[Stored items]
(* Let $G=(V,E)$ be a finite graph, $A\subset V$ with $|A|$ even, $x_e>0$ and $p_e\in[0,1)$ for $e\in E$. Then for all $\omega\in\{0,1\}^E$, $$2^{|\omega|}(\ell^A_x\cup\mathbb{P}_p)[\omega]\propto\Big(\ell^A_{\frac{2x}{1+p}}\cup\mathbb{P}_{\frac{2p}{1+p}}\Big)[\omega].$$ In particular, if $J_e>0$ and $t_e=\tanh(J_e)$, then $2^{|\omega|}(\ell^A_t\cup\mathbb{P}_{t^2})[\omega]\propto\mathbf{P}^A_{2J}[\omega]$.
   Context: Configurations are identified with sets of open edges; $|\omega|$ is the number of open edges. $\partial F$ denotes the set of odd-degree vertices of $(V,F)$. For positive weights $y$, $\ell^A_y[\omega]\propto\prod_{e\in\omega}y_e\mathbf{1}[\partial\omega=A]$. $\mathbb{P}_r$ is Bernoulli percolation with edge $e$ open with probability $r_e$; vector operations are coordinatewise. $\pi\cup\nu$ is the law of the union of independent samples of $\pi,\nu$. $\mathbf{P}^A_{2J}$ is the single random current with sources $A$ and couplings $(2J_e)$: the law of $\{e:n_e>0\}$ for independent $n_e\sim$ Poisson$(2J_e)$ conditioned on the set of vertices $v$ with $\sum_{e\ni v}n_e$ odd being $A$. The proportionality is as functions of $\omega$ (both sides assumed defined). *)

theory Defs
  imports "HOL-Probability.Probability"
begin

text \<open>A finite (multi)graph is given by a vertex set V, an edge set E and an
incidence map inc assigning to each edge its pair of endpoints.
Configurations are subsets of E (the open edges).\<close>

definition graph :: "'v set \<Rightarrow> 'e set \<Rightarrow> ('e \<Rightarrow> 'v \<times> 'v) \<Rightarrow> bool" where
  "graph V E inc \<longleftrightarrow> finite V \<and> finite E \<and>
     (\<forall>e\<in>E. fst (inc e) \<in> V \<and> snd (inc e) \<in> V \<and> fst (inc e) \<noteq> snd (inc e))"

definition mult :: "('e \<Rightarrow> 'v \<times> 'v) \<Rightarrow> 'e \<Rightarrow> 'v \<Rightarrow> nat" where
  "mult inc e v = (if fst (inc e) = v then 1 else 0) + (if snd (inc e) = v then 1 else 0)"

definition sources :: "'v set \<Rightarrow> 'e set \<Rightarrow> ('e \<Rightarrow> 'v \<times> 'v) \<Rightarrow> ('e \<Rightarrow> nat) \<Rightarrow> 'v set" where
  "sources V E inc n = {v\<in>V. odd (\<Sum>e\<in>E. n e * mult inc e v)}"

definition bdry :: "'v set \<Rightarrow> 'e set \<Rightarrow> ('e \<Rightarrow> 'v \<times> 'v) \<Rightarrow> 'e set \<Rightarrow> 'v set" where
  "bdry V E inc F = sources V E inc (\<lambda>e. if e \<in> F then 1 else 0)"

definition loop_weight :: "'v set \<Rightarrow> 'e set \<Rightarrow> ('e \<Rightarrow> 'v \<times> 'v) \<Rightarrow> 'v set \<Rightarrow> ('e \<Rightarrow> real) \<Rightarrow> 'e set \<Rightarrow> real" where
  "loop_weight V E inc A y \<omega> = (if \<omega> \<subseteq> E \<and> bdry V E inc \<omega> = A then \<Prod>e\<in>\<omega>. y e else 0)"

definition loop_measure :: "'v set \<Rightarrow> 'e set \<Rightarrow> ('e \<Rightarrow> 'v \<times> 'v) \<Rightarrow> 'v set \<Rightarrow> ('e \<Rightarrow> real) \<Rightarrow> 'e set \<Rightarrow> real" where
  "loop_measure V E inc A y \<omega> =
     loop_weight V E inc A y \<omega> / (\<Sum>F\<in>Pow E. loop_weight V E inc A y F)"

definition perc :: "'e set \<Rightarrow> ('e \<Rightarrow> real) \<Rightarrow> 'e set \<Rightarrow> real" where
  "perc E r \<omega> = (if \<omega> \<subseteq> E then (\<Prod>e\<in>\<omega>. r e) * (\<Prod>e\<in>E - \<omega>. 1 - r e) else 0)"

text \<open>Law of the union of independent samples of two laws on configurations.\<close>
definition union_law :: "'e set \<Rightarrow> ('e set \<Rightarrow> real) \<Rightarrow> ('e set \<Rightarrow> real) \<Rightarrow> 'e set \<Rightarrow> real" where
  "union_law E \<pi> \<nu> \<omega> = (\<Sum>a\<in>Pow E. \<Sum>b\<in>Pow E. if a \<union> b = \<omega> then \<pi> a * \<nu> b else 0)"

definition random_current :: "'v set \<Rightarrow> 'e set \<Rightarrow> ('e \<Rightarrow> 'v \<times> 'v) \<Rightarrow> 'v set \<Rightarrow> ('e \<Rightarrow> real) \<Rightarrow> 'e set pmf" where
  "random_current V E inc A J =
     map_pmf (\<lambda>n. {e\<in>E. n e > 0})
       (cond_pmf (Pi_pmf E 0 (\<lambda>e. poisson_pmf (2 * J e))) {n. sources V E inc n = A})"

definition proportional :: "'e set \<Rightarrow> ('e set \<Rightarrow> real) \<Rightarrow> ('e set \<Rightarrow> real) \<Rightarrow> bool" where
  "proportional E f g \<longleftrightarrow> (\<exists>c>0. \<forall>\<omega>. \<omega> \<subseteq> E \<longrightarrow> f \<omega> = c * g \<omega>)"

end

(*
  Both sides are, up to normalisation, tricolour weights: sums over the decompositions of \<omega>
  into a part a with \<partial>a = A and the rest \<omega> - a, with edge weights u on a, v on \<omega> - a and
  w on E - \<omega>. For \<ell>^A_x \<union> P_p these weights are (x, p, 1 - p), because the independent
  percolation sample must open \<omega> - a, may do anything on a, and must close E - \<omega>.
  Replacing (x, p) by (2x/(1+p), 2p/(1+p)) multiplies (u, v, w) edgewise by (2c, 2c, c) with
  c = 1/(1+p), which produces the factor 2^|\<omega>| and a global constant.
  A random current sees each Poisson(2J) count only through whether it is zero, odd, or even
  and positive, and its sources only through the odd edges. These three events have
  probabilities c(1 - t^2), 2ct and 2ct^2 with t = tanh J and c = (1 + e^(-2J))^2/4, so the
  current is the tricolour weight with (u, v, w) = (2ct, 2ct^2, c(1 - t^2)).
*)
theory Submission
  imports Defs
begin

definition tricolour_weight ::
    "'v set \<Rightarrow> 'e set \<Rightarrow> ('e \<Rightarrow> 'v \<times> 'v) \<Rightarrow> 'v set \<Rightarrow>
     ('e \<Rightarrow> real) \<Rightarrow> ('e \<Rightarrow> real) \<Rightarrow> ('e \<Rightarrow> real) \<Rightarrow> 'e set \<Rightarrow> real" where
  "tricolour_weight V E inc A u v w \<omega> = (\<Sum>a\<in>{a\<in>Pow \<omega>. bdry V E inc a = A}.
      (\<Prod>e\<in>a. u e) * (\<Prod>e\<in>\<omega> - a. v e) * (\<Prod>e\<in>E - \<omega>. w e))"

lemma tricolour_weight_scale:
  assumes fin: "finite E" and \<omega>: "\<omega> \<subseteq> E"
    and scaled: "\<forall>e\<in>E. u' e = k e * c e * u e \<and> v' e = k e * c e * v e \<and> w' e = c e * w e"
  shows "tricolour_weight V E inc A u' v' w' \<omega>
       = (\<Prod>e\<in>\<omega>. k e) * (\<Prod>e\<in>E. c e) * tricolour_weight V E inc A u v w \<omega>"
  unfolding tricolour_weight_def sum_distrib_left
proof (rule sum.cong[OF refl])
  fix a assume "a \<in> {a\<in>Pow \<omega>. bdry V E inc a = A}"
  then have a: "a \<subseteq> \<omega>" by auto
  have fin\<omega>: "finite \<omega>" using \<omega> fin by (rule finite_subset)
  have u': "(\<Prod>e\<in>a. u' e) = (\<Prod>e\<in>a. k e) * (\<Prod>e\<in>a. c e) * (\<Prod>e\<in>a. u e)"
    using a \<omega> scaled by (auto simp: prod.distrib[symmetric] intro!: prod.cong)
  have v': "(\<Prod>e\<in>\<omega> - a. v' e) = (\<Prod>e\<in>\<omega> - a. k e) * (\<Prod>e\<in>\<omega> - a. c e) * (\<Prod>e\<in>\<omega> - a. v e)"
    using \<omega> scaled by (auto simp: prod.distrib[symmetric] intro!: prod.cong)
  have w': "(\<Prod>e\<in>E - \<omega>. w' e) = (\<Prod>e\<in>E - \<omega>. c e) * (\<Prod>e\<in>E - \<omega>. w e)"
    using scaled by (auto simp: prod.distrib[symmetric] intro!: prod.cong)
  have k: "(\<Prod>e\<in>\<omega>. k e) = (\<Prod>e\<in>\<omega> - a. k e) * (\<Prod>e\<in>a. k e)"
    by (rule prod.subset_diff[OF a fin\<omega>])
  have c: "(\<Prod>e\<in>E. c e) = (\<Prod>e\<in>E - \<omega>. c e) * ((\<Prod>e\<in>\<omega> - a. c e) * (\<Prod>e\<in>a. c e))"
    unfolding prod.subset_diff[OF \<omega> fin] prod.subset_diff[OF a fin\<omega>] ..
  show "(\<Prod>e\<in>a. u' e) * (\<Prod>e\<in>\<omega> - a. v' e) * (\<Prod>e\<in>E - \<omega>. w' e)
      = (\<Prod>e\<in>\<omega>. k e) * (\<Prod>e\<in>E. c e) * ((\<Prod>e\<in>a. u e) * (\<Prod>e\<in>\<omega> - a. v e) * (\<Prod>e\<in>E - \<omega>. w e))"
    unfolding u' v' w' k c by (simp only: ac_simps)
qed

lemma perc_prob_union_eq:
  assumes fin: "finite E" and \<omega>: "\<omega> \<subseteq> E" and a: "a \<subseteq> \<omega>"
  shows "(\<Sum>b\<in>Pow E. if a \<union> b = \<omega> then perc E p b else 0)
       = (\<Prod>e\<in>\<omega> - a. p e) * (\<Prod>e\<in>E - \<omega>. 1 - p e)"
proof -
  have fin\<omega>: "finite \<omega>" using \<omega> fin by (rule finite_subset)
  have fina: "finite a" using a fin\<omega> by (rule finite_subset)
  let ?P = "(\<Prod>e\<in>\<omega> - a. p e) * (\<Prod>e\<in>E - \<omega>. 1 - p e)"
  have solutions: "{b\<in>Pow E. a \<union> b = \<omega>} = (\<lambda>c. (\<omega> - a) \<union> c) ` Pow a"
  proof (intro equalityI subsetI)
    fix b assume "b \<in> {b\<in>Pow E. a \<union> b = \<omega>}"
    then have "b = (\<omega> - a) \<union> (b \<inter> a)" by auto
    then show "b \<in> (\<lambda>c. (\<omega> - a) \<union> c) ` Pow a" by blast
  next
    fix b assume "b \<in> (\<lambda>c. (\<omega> - a) \<union> c) ` Pow a"
    then show "b \<in> {b\<in>Pow E. a \<union> b = \<omega>}" using a \<omega> by auto
  qed
  have inj: "inj_on (\<lambda>c. (\<omega> - a) \<union> c) (Pow a)"
    by (rule inj_onI) auto
  have perc_split: "perc E p ((\<omega> - a) \<union> c) = ?P * ((\<Prod>e\<in>c. p e) * (\<Prod>e\<in>a - c. 1 - p e))"
    if "c \<in> Pow a" for c
  proof -
    have c: "c \<subseteq> a" using that by simp
    have fin_c: "finite c" using c fina by (rule finite_subset)
    have open_split: "(\<Prod>e\<in>(\<omega> - a) \<union> c. p e) = (\<Prod>e\<in>\<omega> - a. p e) * (\<Prod>e\<in>c. p e)"
      by (rule prod.union_disjoint) (use fin\<omega> fin_c c in auto)
    have "E - ((\<omega> - a) \<union> c) = (E - \<omega>) \<union> (a - c)" using \<omega> a c by auto
    moreover have "(\<Prod>e\<in>(E - \<omega>) \<union> (a - c). 1 - p e) = (\<Prod>e\<in>E - \<omega>. 1 - p e) * (\<Prod>e\<in>a - c. 1 - p e)"
      by (rule prod.union_disjoint) (use fin fina a in auto)
    ultimately have closed_split:
      "(\<Prod>e\<in>E - ((\<omega> - a) \<union> c). 1 - p e) = (\<Prod>e\<in>E - \<omega>. 1 - p e) * (\<Prod>e\<in>a - c. 1 - p e)"
      by simp
    have "(\<omega> - a) \<union> c \<subseteq> E" using \<omega> a c by auto
    then show ?thesis unfolding perc_def open_split closed_split by (simp only: if_True ac_simps)
  qed
  have "(\<Sum>b\<in>Pow E. if a \<union> b = \<omega> then perc E p b else 0) = (\<Sum>b\<in>{b\<in>Pow E. a \<union> b = \<omega>}. perc E p b)"
    using sum.inter_filter[of "Pow E" "perc E p" "\<lambda>b. a \<union> b = \<omega>"] fin by simp
  also have "\<dots> = (\<Sum>c\<in>Pow a. perc E p ((\<omega> - a) \<union> c))"
    unfolding solutions by (rule sum.reindex_cong[OF inj]) auto
  also have "\<dots> = (\<Sum>c\<in>Pow a. ?P * ((\<Prod>e\<in>c. p e) * (\<Prod>e\<in>a - c. 1 - p e)))"
    using perc_split by (rule sum.cong[OF refl])
  also have "\<dots> = ?P * (\<Sum>c\<in>Pow a. (\<Prod>e\<in>c. p e) * (\<Prod>e\<in>a - c. 1 - p e))"
    by (rule sum_distrib_left[symmetric])
  also have "(\<Sum>c\<in>Pow a. (\<Prod>e\<in>c. p e) * (\<Prod>e\<in>a - c. 1 - p e)) = 1"
    using prod_add[OF fina, of p "\<lambda>e. 1 - p e"] by simp
  finally show ?thesis by simp
qed

lemma union_law_loop_perc:
  assumes fin: "finite E" and \<omega>: "\<omega> \<subseteq> E"
  shows "union_law E (loop_measure V E inc A y) (perc E p) \<omega>
       = tricolour_weight V E inc A y p (\<lambda>e. 1 - p e) \<omega> / (\<Sum>F\<in>Pow E. loop_weight V E inc A y F)"
proof -
  define Z where "Z = (\<Sum>F\<in>Pow E. loop_weight V E inc A y F)"
  define X where "X = {a\<in>Pow \<omega>. bdry V E inc a = A}"
  define T where "T = (\<lambda>a. (\<Prod>e\<in>a. y e) * (\<Prod>e\<in>\<omega> - a. p e) * (\<Prod>e\<in>E - \<omega>. 1 - p e))"
  have summand: "(\<Sum>b\<in>Pow E. if a \<union> b = \<omega> then loop_measure V E inc A y a * perc E p b else 0)
      = (if a \<in> X then T a / Z else 0)" if aE: "a \<in> Pow E" for a
  proof -
    have "(\<Sum>b\<in>Pow E. if a \<union> b = \<omega> then loop_measure V E inc A y a * perc E p b else 0)
        = loop_measure V E inc A y a * (\<Sum>b\<in>Pow E. if a \<union> b = \<omega> then perc E p b else 0)"
      by (subst sum_distrib_left) (rule sum.cong, auto)
    also have "\<dots> = (if a \<in> X then T a / Z else 0)"
    proof (cases "a \<subseteq> \<omega>")
      case True
      then show ?thesis
        using aE unfolding perc_prob_union_eq[OF fin \<omega> True] loop_measure_def loop_weight_def X_def T_def Z_def
        by auto
    next
      case False
      then have "(\<Sum>b\<in>Pow E. if a \<union> b = \<omega> then perc E p b else 0) = 0"
        by (intro sum.neutral) auto
      then show ?thesis using False unfolding X_def by auto
    qed
    finally show ?thesis .
  qed
  have "union_law E (loop_measure V E inc A y) (perc E p) \<omega> = (\<Sum>a\<in>Pow E. if a \<in> X then T a / Z else 0)"
    unfolding union_law_def using summand by (rule sum.cong[OF refl])
  also have "\<dots> = (\<Sum>a\<in>Pow E \<inter> X. T a / Z)"
    using fin by (simp add: sum.inter_restrict)
  also have "Pow E \<inter> X = X"
    using \<omega> unfolding X_def by auto
  finally show ?thesis
    unfolding tricolour_weight_def X_def T_def Z_def by (simp add: sum_divide_distrib)
qed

→ YOUR ASSIGNMENT:
Could you give the number of lines in the entries that contain the string "False"? Only the number, please.

→ RESPONSE TO THE EXERCISE:
2